In 2019, we and The Bromley Companies formed a joint venture (the “Midtown One joint venture”) to construct Midtown West, a 150,000 square foot, multi-customer office building located in the mixed-use Midtown Tampa project in Tampa’s Westshore submarket. Midtown West has an anticipated total investment of $71.3 million. Construction of Midtown West began in the third quarter of 2019 and the building was placed in service in the second quarter of 2021. At closing, we agreed to contribute cash of $20.0 million, which has been fully funded, in exchange for an 80.0% interest in the Midtown One joint venture and The Bromley Companies contributed land valued at $5.0 million in exchange for the remaining 20.0% interest. We also committed to provide a $46.3 million interest-only secured construction loan to the Midtown One joint venture that is scheduled to mature on the second anniversary of completion. The loan bears interest at LIBOR plus 250 basis points. As of September 30, 2021, $25.9 million under the loan has been funded.

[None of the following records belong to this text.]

lemma card_near_zero_residues:
  fixes p M c :: nat
  assumes "M > 0"
  shows "card {r \<in> {1..<p}. r * M < c \<or> (p - r) * M < c} \<le> 2 * (c div M)"
proof -
  let ?t = "c div M"
  have "r * M < c \<Longrightarrow> r \<le> ?t" for r
    using assms by (simp add: less_eq_div_iff_mult_less_eq)
  then have "{r \<in> {1..<p}. r * M < c \<or> (p - r) * M < c} \<subseteq> {1..?t} \<union> {p - ?t..<p}"
    by fastforce
  then have "card {r \<in> {1..<p}. r * M < c \<or> (p - r) * M < c} \<le> card ({1..?t} \<union> {p - ?t..<p})"
    by (intro card_mono) auto
  also have "\<dots> \<le> card {1..?t} + card {p - ?t..<p}"
    by (rule card_Un_le)
  also have "\<dots> \<le> 2 * ?t"
    by simp
  finally show ?thesis .
qed

definition multiple_in_window :: "nat \<Rightarrow> nat \<Rightarrow> nat \<Rightarrow> bool" where
  "multiple_in_window M Q k \<longleftrightarrow> (\<exists>j. Q \<le> j * M \<and> j * M < Q + k)"

lemma multiple_in_window_if_dvd:
  fixes p Q S M k :: nat
  assumes "p > 0" "Q * p \<le> S * M" "S * M < (Q + k) * p" "p dvd S"
  shows "multiple_in_window M Q k"
proof -
  from \<open>p dvd S\<close> obtain j where "S = j * p"
    by (metis dvd_div_mult_self)
  with assms have "Q * p \<le> (j * M) * p" "(j * M) * p < (Q + k) * p"
    by (simp_all add: ac_simps)
  then show ?thesis
    unfolding multiple_in_window_def using \<open>p > 0\<close> by auto
qed

lemma mod_near_zero_if_multiple_in_window:
  fixes p Q S M k :: nat
  assumes "p > 0" "Q * p \<le> S * M" "S * M < (Q + k) * p" "multiple_in_window M Q k"
  shows "S mod p * M < k * p \<or> (p - S mod p) * M < k * p"
proof -
  obtain j where j: "Q \<le> j * M" "j * M < Q + k"
    using assms(4) unfolding multiple_in_window_def by blast
  have swap: "j * M * p = j * p * M"
    by (simp add: ac_simps)
  have "Q * p \<le> j * M * p"
    using j(1) by (rule mult_le_mono1)
  then have above: "S * M < j * p * M + k * p"
    using assms(3) add_mult_distrib[of Q k p] swap by linarith
  have "j * M * p < (Q + k) * p"
    using j(2) \<open>p > 0\<close> by simp
  then have below: "j * p * M < S * M + k * p"
    using assms(2) add_mult_distrib[of Q k p] swap by linarith
  show ?thesis
  proof (cases "j * p \<le> S")
    case True
    have "S = (S - j * p) + j * p"
      using True by simp
    then have "S mod p = (S - j * p) mod p"
      by (metis mod_mult_self1)
    then have "S mod p \<le> S - j * p"
      by simp
    moreover have "(S - j * p) * M < k * p"
      unfolding diff_mult_distrib using above mult_le_mono1[OF True, of M] by linarith
    ultimately have "S mod p * M < k * p"
      by (meson le_less_trans mult_le_mono1)
    then show ?thesis ..
  next
    case False
    then have "S div p < j"
      by (simp add: less_mult_imp_div_less)
    then have "(S div p + 1) * p \<le> j * p"
      by (intro mult_le_mono1) simp
    then have "p - S mod p \<le> j * p - S"
      using div_mult_mod_eq[of S p] add_mult_distrib[of "S div p" 1 p] by linarith
    moreover have "(j * p - S) * M < k * p"
      unfolding diff_mult_distrib using below mult_le_mono1[of S "j * p" M] False by linarith
    ultimately have "(p - S mod p) * M < k * p"
      by (meson le_less_trans mult_le_mono1)
    then show ?thesis ..
  qed
qed
lemma k_eq_level:
  assumes j: "j \<in> {1..d}"
  shows "k j = level edge_weight root_weight {1..d} j"
proof -
  have "r j + (\<Sum>i\<in>{1..d}. x i j (k i)) = 0"
    using k_solution j unfolding is_solution_def by blast
  moreover have "(\<Sum>i\<in>{1..d}. x i j (k i)) = x j j (k j) + (\<Sum>i\<in>{1..d} - {j}. x i j (k i))"
    using j by (simp add: sum.remove)
  moreover have "(\<Sum>i\<in>{1..d} - {j}. x i j (k i)) = (\<Sum>i\<in>{1..d} - {j}. int (edge_weight i j))"
    using int_edge_weight j by (intro sum.cong) auto
  ultimately have "int (k j) = int (root_weight j) + int (\<Sum>i\<in>{1..d} - {j}. edge_weight i j)"
    using diagonal[OF j] int_root_weight[OF j] by (simp add: of_nat_sum)
  then show ?thesis unfolding level_def by linarith
qed

lemma cyc_fam_eq:
  assumes q: "q i < k i" and i: "i \<in> {1..d}" and j: "j \<in> {1..d}" and h: "h \<le> k i"
  shows "cyc_fam x q k i j h
    = (if i = j then - int h else if jump_times q i \<le> h then int (edge_weight i j) else 0)"
proof (cases "i = j")
  case True
  then show ?thesis
    unfolding cyc_fam_def using cyc_linear[of "k i" "x i i" "q i" h] diagonal i q h by auto
next
  case False
  have "cyc (x i j) (q i) (k i) h = (if jump_time (k i) (jump i) (q i) \<le> h then x i j (k i) else 0)"
  proof (rule cyc_step_function[OF jump_less[OF i] _ _ q h])
    show "x i j m = 0" if "m \<le> jump i" for m
      by (rule before_jump[OF i j False that])
    show "x i j m = x i j (k i)" if "jump i < m" "m \<le> k i" for m
      by (rule after_jump[OF i j False that])
  qed
  then show ?thesis
    unfolding cyc_fam_def jump_times_def using False i int_edge_weight[OF i j False] by simp
qed

lemma is_solution_cyc_fam_iff:
  assumes q: "q \<in> (\<Pi>\<^sub>E i\<in>{1..d}. {..<k i})"
  shows "is_solution d r (cyc_fam x q k) k s \<longleftrightarrow>
    (\<forall>i\<in>{1..d}. s i \<le> k i) \<and>
    (\<forall>j\<in>{1..d}. s j = level edge_weight root_weight {i\<in>{1..d}. jump_times q i \<le> s i} j)"
proof -
  let ?A = "{i\<in>{1..d}. jump_times q i \<le> s i}"
  have qk: "q i < k i" if "i \<in> {1..d}" for i
    using q that by auto
  have "r j + (\<Sum>i\<in>{1..d}. cyc_fam x q k i j (s i)) = 0 \<longleftrightarrow>
      s j = level edge_weight root_weight ?A j"
    if s: "\<forall>i\<in>{1..d}. s i \<le> k i" and j: "j \<in> {1..d}" for j
  proof -
    have cyc: "cyc_fam x q k i j (s i) = (if i = j then - int (s i)
        else if i \<in> ?A then int (edge_weight i j) else 0)" if i: "i \<in> {1..d}" for i
      using cyc_fam_eq[of q i j "s i", OF qk[OF i] i j] s i by simp
    have "(\<Sum>i\<in>{1..d}. cyc_fam x q k i j (s i))
        = cyc_fam x q k j j (s j) + (\<Sum>i\<in>{1..d} - {j}. cyc_fam x q k i j (s i))"
      using j by (simp add: sum.remove)
    also have "\<dots> = - int (s j) + (\<Sum>i\<in>{1..d} - {j}. if i \<in> ?A then int (edge_weight i j) else 0)"
      using cyc j by (intro arg_cong2[where f="(+)"] sum.cong) auto
    also have "\<dots> = - int (s j) + int (\<Sum>i\<in>?A - {j}. edge_weight i j)"
    proof -
      have "(\<Sum>i\<in>{1..d} - {j}. if i \<in> ?A then int (edge_weight i j) else 0)
          = (\<Sum>i\<in>{i \<in> {1..d} - {j}. i \<in> ?A}. int (edge_weight i j))"
        by (rule sum.inter_filter[symmetric]) simp
      also have "{i \<in> {1..d} - {j}. i \<in> ?A} = ?A - {j}" by blast
      finally show ?thesis by (simp only: of_nat_sum)
    qed
    finally show ?thesis
      using int_root_weight[OF j] unfolding level_def by linarith
  qed
  then show ?thesis
    unfolding is_solution_def by auto
qed

lemma jump_times_range:
  assumes "q \<in> (\<Pi>\<^sub>E i\<in>{1..d}. {..<k i})" and i: "i \<in> {1..d}"
  shows "jump_times q i \<in> {1..k i}"
proof -
  have "q i \<in> {..<k i}" using assms by auto
  then show ?thesis
    using bij_betw_apply[OF bij_betw_jump_time[OF jump_less[OF i]]] i unfolding jump_times_def by simp
qed

lemma good_threshold_if_smallest_solution:
  assumes q: "q \<in> (\<Pi>\<^sub>E i\<in>{1..d}. {..<k i})"
    and smallest: "smallest_solution d r (cyc_fam x q k) k k"
  shows "good_threshold edge_weight root_weight {1..d} (jump_times q)"
  unfolding good_threshold_def
proof (intro allI impI notI)
  fix A assume A: "A \<subset> {1..d}" "consistent_set edge_weight root_weight {1..d} (jump_times q) A"
  define s where "s j = level edge_weight root_weight A j" for j
  have A_eq: "{i\<in>{1..d}. jump_times q i \<le> s i} = A"
    using A unfolding consistent_set_def s_def by auto
  moreover have "\<forall>i\<in>{1..d}. s i \<le> k i"
    using level_mono[of "{1..d}" A] A(1) k_eq_level unfolding s_def by auto
  ultimately have "is_solution d r (cyc_fam x q k) k s"
    using is_solution_cyc_fam_iff[OF q] unfolding s_def by auto
  then have k_le_s: "\<forall>i\<in>{1..d}. k i \<le> s i"
    using smallest unfolding smallest_solution_def by auto
  obtain j where j: "j \<in> {1..d}" "j \<notin> A" using A(1) by blast
  then have "jump_times q j \<le> s j"
    using jump_times_range[OF q j(1)] k_le_s by fastforce
  then show False
    using j A_eq by auto
qed

lemma smallest_solution_if_good_threshold:
  assumes q: "q \<in> (\<Pi>\<^sub>E i\<in>{1..d}. {..<k i})"
    and good: "good_threshold edge_weight root_weight {1..d} (jump_times q)"
  shows "smallest_solution d r (cyc_fam x q k) k k"
proof -
  have "{i\<in>{1..d}. jump_times q i \<le> k i} = {1..d}"
    using jump_times_range[OF q] by auto
  then have "is_solution d r (cyc_fam x q k) k k"
    using is_solution_cyc_fam_iff[OF q] k_eq_level by auto
  moreover have "\<forall>i\<in>{1..d}. k i \<le> s i" if s: "is_solution d r (cyc_fam x q k) k s" for s
  proof -
    let ?A = "{i\<in>{1..d}. jump_times q i \<le> s i}"
    have s_level: "\<forall>j\<in>{1..d}. s j = level edge_weight root_weight ?A j"
      using is_solution_cyc_fam_iff[OF q] s by auto
    then have "consistent_set edge_weight root_weight {1..d} (jump_times q) ?A"
      unfolding consistent_set_def by auto
    then have "\<not> ?A \<subset> {1..d}"
      using good unfolding good_threshold_def by blast
    then have "?A = {1..d}" by blast
    then show ?thesis
      using s_level k_eq_level by auto
  qed
  ultimately show ?thesis
    unfolding smallest_solution_def by auto
qed

lemma smallest_solution_cyc_fam_iff_good_threshold:
  "q \<in> (\<Pi>\<^sub>E i\<in>{1..d}. {..<k i}) \<Longrightarrow> smallest_solution d r (cyc_fam x q k) k k
    \<longleftrightarrow> good_threshold edge_weight root_weight {1..d} (jump_times q)"
  using good_threshold_if_smallest_solution smallest_solution_if_good_threshold by blast

lemma bij_betw_jump_times:
  "bij_betw jump_times (\<Pi>\<^sub>E i\<in>{1..d}. {..<k i}) (\<Pi>\<^sub>E i\<in>{1..d}. {1..k i})"
  unfolding jump_times_def
  by (rule bij_betw_PiE_componentwise) (rule bij_betw_jump_time[OF jump_less])

theorem card_good_cyclic_permutations:
  "card {q \<in> (\<Pi>\<^sub>E i\<in>{1..d}. {..<k i}). smallest_solution d r (cyc_fam x q k) k k}
    = forest_sum edge_weight root_weight {1..d}"
proof -
  let ?Q = "\<Pi>\<^sub>E i\<in>{1..d}. {..<k i}" and ?T = "\<Pi>\<^sub>E i\<in>{1..d}. {1..k i}"
  let ?good = "good_threshold edge_weight root_weight {1..d}"
  have "{q \<in> ?Q. smallest_solution d r (cyc_fam x q k) k k} = {q \<in> ?Q. ?good (jump_times q)}"
    by (intro Collect_cong conj_cong refl smallest_solution_cyc_fam_iff_good_threshold)
  then have "card {q \<in> ?Q. smallest_solution d r (cyc_fam x q k) k k}
      = card (jump_times ` {q \<in> ?Q. ?good (jump_times q)})"
    using bij_betw_jump_times unfolding bij_betw_def
    by (simp add: card_image inj_on_subset[of _ ?Q])
  also have "jump_times ` {q \<in> ?Q. ?good (jump_times q)} = {t \<in> jump_times ` ?Q. ?good t}"
    by blast
  also have "jump_times ` ?Q = ?T"
    using bij_betw_jump_times unfolding bij_betw_def by blast
  also have "?T = (\<Pi>\<^sub>E j\<in>{1..d}. {1..level edge_weight root_weight {1..d} j})"
    by (rule PiE_cong) (simp add: k_eq_level)
  finally show ?thesis
    using card_good_thresholds_eq_forest_sum[of "{1..d}" edge_weight root_weight]
    unfolding good_thresholds_def by simp
qed

lemma int_forest_sum:
  "int (forest_sum edge_weight root_weight {1..d})
    = (\<Sum>p\<in>elem_forests d. \<Prod>i\<in>{1..d}. (if p i = 0 then r i else x (p i) i (k (p i))))"
  unfolding forest_sum_def elem_forests_eq_forests of_nat_sum of_nat_prod
proof (intro sum.cong prod.cong refl)
  fix p i assume p: "p \<in> forests {1..d}" and i: "i \<in> {1..d}"
  then have "p i \<in> insert 0 {1..d}" "p i \<noteq> i"
    using forestsD(1,2) by blast+
  then show "int (forest_weight edge_weight root_weight p i)
      = (if p i = 0 then r i else x (p i) i (k (p i)))"
    unfolding forest_weight_def using int_root_weight[OF i] int_edge_weight[of "p i" i] i by auto
qed

end

lemma simple_system_jumps:
  assumes simple: "simple_system d x k" and k_pos: "\<forall>i\<in>{1..d}. 1 \<le> k i"
  obtains jump where "\<And>i. i \<in> {1..d} \<Longrightarrow> jump i < k i"
    and "\<And>i j m. i \<in> {1..d} \<Longrightarrow> j \<in> {1..d} \<Longrightarrow> i \<noteq> j \<Longrightarrow> m \<le> jump i \<Longrightarrow> x i j m = 0"
    and "\<And>i j m. i \<in> {1..d} \<Longrightarrow> j \<in> {1..d} \<Longrightarrow> i \<noteq> j \<Longrightarrow> jump i < m \<Longrightarrow> m \<le> k i \<Longrightarrow>
      x i j m = x i j (k i)"
proof -
  obtain jump where jump: "\<forall>i\<in>{1..d}. jump i \<le> k i - 1 \<and>
      (\<forall>m \<le> jump i. \<forall>j\<in>{1..d}. j \<noteq> i \<longrightarrow> x i j m = 0) \<and>
      (\<forall>m. jump i + 1 \<le> m \<and> m \<le> k i \<longrightarrow> (\<forall>j\<in>{1..d}. j \<noteq> i \<longrightarrow> x i j m = x i j (k i)))"
    using bchoice[OF simple[unfolded simple_system_def]] by blast
  show ?thesis
  proof (rule that)
    show "jump i < k i" if "i \<in> {1..d}" for i
      using conjunct1[OF bspec[OF jump that]] bspec[OF k_pos that] by linarith
    show "x i j m = 0" if "i \<in> {1..d}" "j \<in> {1..d}" "i \<noteq> j" "m \<le> jump i" for i j m
      using conjunct1[OF conjunct2[OF bspec[OF jump that(1)]]] that(2-4) by simp
    show "x i j m = x i j (k i)"
      if "i \<in> {1..d}" "j \<in> {1..d}" "i \<noteq> j" "jump i < m" "m \<le> k i" for i j m
    proof (rule conjunct2[OF conjunct2[OF bspec[OF jump that(1)]], rule_format])
      show "jump i + 1 \<le> m \<and> m \<le> k i" using that(4,5) by simp
    qed (use that(2,3) in auto)
  qed
qed

lemma simple_jump_system_if_simple_system:
  assumes r: "\<forall>i\<in>{1..d}. r i \<ge> 0" and x: "in_S_bar d r x k" and simple: "simple_system d x k"
  obtains jump where "simple_jump_system d r x k jump"
proof -
  have k_pos: "\<forall>i\<in>{1..d}. 1 \<le> k i" and mono: "in_S d x k"
    and diagonal: "\<forall>i\<in>{1..d}. \<forall>m \<le> k i. x i i m = - int m"
    and smallest: "smallest_solution d r x k k"
    using x unfolding in_S_bar_def by blast+
  obtain jump where jump_less: "\<And>i. i \<in> {1..d} \<Longrightarrow> jump i < k i"
    and before: "\<And>i j m. i \<in> {1..d} \<Longrightarrow> j \<in> {1..d} \<Longrightarrow> i \<noteq> j \<Longrightarrow> m \<le> jump i \<Longrightarrow> x i j m = 0"
    and after: "\<And>i j m. i \<in> {1..d} \<Longrightarrow> j \<in> {1..d} \<Longrightarrow> i \<noteq> j \<Longrightarrow> jump i < m \<Longrightarrow> m \<le> k i \<Longrightarrow>
      x i j m = x i j (k i)"
    using simple_system_jumps[OF simple k_pos] by blast
  have "simple_jump_system d r x k jump"
  proof
    show "0 \<le> r j" if "j \<in> {1..d}" for j
      using r that by blast
    show "x i i m = - int m" if "i \<in> {1..d}" "m \<le> k i" for i m
      using diagonal that by blast
    show "is_solution d r x k k"
      using smallest unfolding smallest_solution_def by blast
    show "0 \<le> x i j (k i)" if "i \<in> {1..d}" "j \<in> {1..d}" "i \<noteq> j" for i j
    proof -
      have "x i j (jump i) \<le> x i j (Suc (jump i))"
        using mono jump_less[OF that(1)] that unfolding in_S_def by blast
      then show ?thesis
        using before[OF that order_refl] after[OF that, of "Suc (jump i)"] jump_less[OF that(1)]
        by simp
    qed
  qed (fact jump_less before after)+
  then show ?thesis by (rule that)
qed
definition Pcost_AC_X :: "'a::euclidean_space set \<Rightarrow> ('a \<Rightarrow> 'a \<Rightarrow> real) \<Rightarrow> 'a \<Rightarrow> 'a measure set" where
  "Pcost_AC_X X c y0 = {\<mu>\<in>Pcost_X X c y0. absolutely_continuous lborel \<mu>}"

definition couplings :: "'a::euclidean_space measure \<Rightarrow> 'a measure \<Rightarrow> ('a \<times> 'a) measure set" where
  "couplings \<mu> \<nu> = {\<pi>. prob_space \<pi> \<and> sets \<pi> = sets (borel :: ('a \<times> 'a) measure) \<and>
       distr \<pi> borel fst = \<mu> \<and> distr \<pi> borel snd = \<nu>}"

definition Kc :: "'a::euclidean_space set \<Rightarrow> 'a set \<Rightarrow> ('a \<Rightarrow> 'a \<Rightarrow> real) \<Rightarrow> 'a measure \<Rightarrow> 'a measure \<Rightarrow> ennreal" where
  "Kc X Y c \<mu> \<nu> = (INF \<pi>\<in>couplings \<mu> \<nu>. \<integral>\<^sup>+ p. indicator (X \<times> Y) p * ennreal (c (fst p) (snd p)) \<partial>\<pi>)"

definition ctrans_Y :: "'a set \<Rightarrow> ('a \<Rightarrow> 'a \<Rightarrow> real) \<Rightarrow> ('a \<Rightarrow> real) \<Rightarrow> 'a \<Rightarrow> real" where
  "ctrans_Y Y c f x = (INF y\<in>Y. c x y - f y)"

definition Tmap :: "'a::euclidean_space set \<Rightarrow> ('a \<Rightarrow> 'a \<Rightarrow> real) \<Rightarrow> ('a \<Rightarrow> real) \<Rightarrow> 'a \<Rightarrow> 'a" where
  "Tmap Y c g x = (THE y. y \<in> Y \<and> grad_x c x y = frechet_derivative g (at x))"

end

(* The c-transform psi = (-phi)^c is the pointwise infimum of the functions c(., y) + phi(y).
   By the growth condition (A3) only y in a compact set matter near a given point, and there the
   C^2 bound on c makes these functions uniformly semiconcave: locally, psi is a convex function
   minus L |x|^2. A convex function has countably many kinks on every line, so by Fubini it is
   differentiable Lebesgue-a.e.; hence psi is differentiable mu-a.e. At such a point x every
   minimiser y of c(x, .) + phi satisfies grad_x c(x, y) = grad psi(x), so by the twist condition
   it is T(x); comparing with a countable dense set of competitors shows that T is Borel.
   Integrating psi(x) <= c(x, y) + phi(y) against any coupling gives
   int psi d mu <= int phi d nu + K_c(mu, nu), and along the coupling (id, T)_# mu this inequality
   is an equality, so nu = T_# mu attains the infimum. *)

theory Submission
  imports Defs
begin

We determined that we have a variable interest in the Midtown One joint venture primarily because the entity was designed to pass along interest rate risk, equity price risk and operation risk to us as both a debt and an equity holder and The Bromley Companies as an equity holder. The Midtown One joint venture was further determined to be a variable interest entity as it requires additional subordinated financial support in the form of a loan because the initial equity investment provided by us and The Bromley Companies is not sufficient to finance its planned investments and operations. We, as majority owner and managing member and through our control rights as set forth in the joint venture’s governance documents, were determined to be the primary beneficiary as we have both the power to direct the activities that most significantly affect the entity (primarily lease rates, property operations and capital expenditures) and significant economic exposure through our equity investment and loan commitment. As such, the Midtown One joint venture is consolidated and all intercompany transactions and accounts are eliminated. The following table sets forth the assets and liabilities of the Midtown One joint venture included on our Consolidated Balance Sheets:
September 30,
2021
Net real estate assets$52,790 
Deferred leasing costs, net$1,934 
Prepaid expenses and other assets, net$170 
Accounts payable, accrued expenses and other liabilities$1,771 
The assets of the Midtown One joint venture can be used only to settle obligations of the joint venture and its creditors have no recourse to our wholly owned assets.